The Islamic Turkish-speaking Crimean Tatars were unconquered until the eighteenth century (Kappeler, 45). They waged a battle against the Muscovites under the Khan of Crimea and their allies the Nogai Tatars. In 1571, they sacked and burned Moscow. As a result of the violence the Tatar or Mongol “yoke” has often been referenced by historians, a term which conveys the idea that the occupation by the Tatars was horrific for Russia. Halperin, however, refutes this notion and proves in his book that the religious division between the Christian Muscovite and the Islamic Tatar developed the language of hatred and oppression that vilified the Tatars for the rest of history. With the defeat of their ally the Ottoman Empire in the Russo-Turkish War, the Crimean Tatars were weakened, and Crimea fell to the Muscovites. Catherine II wooed the nobility of the Tatars with privileges. She allowed the Tatar peasants to retain their land and had a policy of tolerance toward Islam. Despite this, “many thousands of Tatars voted with their feet and emigrated to the Ottoman Empire. This wave of emigration was destined to continue in the following decades, reaching a climax during and after the Crimean War” (Kappeler, 48). With no political power, the Tatars preserved their religious and cultural identity by moving as Russians came to settle in Crimea.

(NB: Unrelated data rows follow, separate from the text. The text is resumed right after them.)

lemma inj_sum_hitting:
  assumes "finite I" and "i \<in> I" and "b \<in> B"
  shows "(\<Sum>\<rho>\<in>{\<rho> \<in> inj_maps I B. \<rho> i = b}. \<Prod>x\<in>I. r x (\<rho> x)) = r i b * inj_sum r (B - {b}) (I - {i})"
  unfolding inj_sum_def sum_distrib_left
proof (rule sum.reindex_bij_witness[where i="\<lambda>\<rho>. \<rho>(i := b)" and j="\<lambda>\<rho>. \<rho>(i := undefined)"])
  fix \<rho> assume "\<rho> \<in> {\<rho> \<in> inj_maps I B. \<rho> i = b}"
  then have \<rho>: "\<rho> \<in> I \<rightarrow>\<^sub>E B" "inj_on \<rho> I" "\<rho> i = b" by (auto simp: inj_maps_def)
  show "(\<rho>(i := undefined))(i := b) = \<rho>" using \<rho> by auto
  show "\<rho>(i := undefined) \<in> inj_maps (I - {i}) (B - {b})"
    using \<rho> assms(2) unfolding inj_maps_def by (auto simp: PiE_def extensional_def inj_on_def)
  have "(\<Prod>x\<in>I. r x (\<rho> x)) = r i b * (\<Prod>x\<in>I - {i}. r x ((\<rho>(i := undefined)) x))"
    using assms(1,2) \<rho>(3) by (simp add: prod.remove)
  then show "r i b * (\<Prod>x\<in>I - {i}. r x ((\<rho>(i := undefined)) x)) = (\<Prod>x\<in>I. r x (\<rho> x))" ..
next
  fix \<rho> assume "\<rho> \<in> inj_maps (I - {i}) (B - {b})"
  then have \<rho>: "\<rho> \<in> (I - {i}) \<rightarrow>\<^sub>E (B - {b})" "inj_on \<rho> (I - {i})" by (auto simp: inj_maps_def)
  then show "(\<rho>(i := b))(i := undefined) = \<rho>" by (auto simp: PiE_def extensional_def)
  show "\<rho>(i := b) \<in> {\<rho> \<in> inj_maps I B. \<rho> i = b}"
    using \<rho> assms(2,3) unfolding inj_maps_def
    by (auto simp: PiE_def extensional_def inj_on_def Pi_def split: if_splits)
qed

lemma inj_sum_remove_target:
  assumes "finite B" and "finite I" and "b \<in> B"
  shows "inj_sum r B I = inj_sum r (B - {b}) I + (\<Sum>i\<in>I. r i b * inj_sum r (B - {b}) (I - {i}))"
proof -
  let ?hit = "\<lambda>i. {\<rho> \<in> inj_maps I B. \<rho> i = b}"
  have inj_maps_split: "inj_maps I B = inj_maps I (B - {b}) \<union> (\<Union>i\<in>I. ?hit i)"
    unfolding inj_maps_def by (auto simp: PiE_def Pi_def)
  have fin: "finite (inj_maps I B)" by (rule finite_inj_maps[OF assms(2,1)])
  have "inj_sum r B I = inj_sum r (B - {b}) I + (\<Sum>\<rho>\<in>(\<Union>i\<in>I. ?hit i). \<Prod>x\<in>I. r x (\<rho> x))"
    unfolding inj_sum_def
  proof (subst inj_maps_split, rule sum.union_disjoint)
    show "finite (inj_maps I (B - {b}))" using assms by (simp add: finite_inj_maps)
    show "finite (\<Union>i\<in>I. ?hit i)" by (rule finite_subset[OF _ fin]) blast
  qed (auto simp: inj_maps_def dest: PiE_mem)
  also have "(\<Sum>\<rho>\<in>(\<Union>i\<in>I. ?hit i). \<Prod>x\<in>I. r x (\<rho> x)) = (\<Sum>i\<in>I. \<Sum>\<rho>\<in>?hit i. \<Prod>x\<in>I. r x (\<rho> x))"
  proof (rule sum.UNION_disjoint)
    show "\<forall>i\<in>I. finite (?hit i)" using fin by auto
  qed (use assms(2) in \<open>auto simp: inj_maps_def inj_on_def\<close>)
  also have "\<dots> = (\<Sum>i\<in>I. r i b * inj_sum r (B - {b}) (I - {i}))"
    using assms by (intro sum.cong refl inj_sum_hitting) auto
  finally show ?thesis .
qed

definition peel_coeff :: "('i \<Rightarrow> 'b \<Rightarrow> 'a::comm_ring_1) \<Rightarrow> 'i set \<Rightarrow> 'b \<Rightarrow> 'a" where
  "peel_coeff r \<sigma> b = (-1) ^ card \<sigma> * of_nat (fact (card \<sigma>)) * (\<Prod>i\<in>\<sigma>. r i b)"

lemma peel_coeff_empty [simp]: "peel_coeff r {} b = 1"
  by (simp add: peel_coeff_def)

lemma sum_peel_coeff_remove:
  assumes "finite \<sigma>" and "\<sigma> \<noteq> {}"
  shows "(\<Sum>i\<in>\<sigma>. r i b * peel_coeff r (\<sigma> - {i}) b) = - peel_coeff r \<sigma> b"
proof -
  obtain m where m: "card \<sigma> = Suc m"
    using assms by (metis card_0_eq not0_implies_Suc)
  have "r i b * peel_coeff r (\<sigma> - {i}) b = (-1) ^ m * of_nat (fact m) * (\<Prod>i\<in>\<sigma>. r i b)"
    if "i \<in> \<sigma>" for i
    using that assms(1) m by (simp add: peel_coeff_def prod.remove algebra_simps)
  then have "(\<Sum>i\<in>\<sigma>. r i b * peel_coeff r (\<sigma> - {i}) b)
      = of_nat (Suc m) * ((-1) ^ m * of_nat (fact m) * (\<Prod>i\<in>\<sigma>. r i b))"
    using m by simp
  also have "\<dots> = - peel_coeff r \<sigma> b"
    unfolding peel_coeff_def m by (simp add: algebra_simps)
  finally show ?thesis .
qed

As many minorities did, the Tatars welcomed the fall of the monarchy in 1917 even though under the monarchy limited political mobilization had occurred in the latter half of the nineteenth century. The Kazan Socialist committee organized, and the National Assembly of the Muslims of Inner Russia and Siberia convened (Rorlich, 132). The question of autonomy divided the delegates. Initially there was hope for a large Turkic state in the Middle Volga; however, when the Central Muslim Commissariats organized as their government’s first steps were to prevent a parallel Islamic government (Rorlich, 132). Civil war soon engulfed the region and by 1919 the Volga Tatars were under communist rule as part of the Bashkir Autonomous Republic and, in 1920, as part of the Tatar Autonomous Republic (Rorlich, 142). By World War II the Tatars were displaced as many minorities had been by Stalin’s resettlement programs. Crimean Tatars were resettled to Central Asia, most in Uzbekistan (Aydıngün, 116).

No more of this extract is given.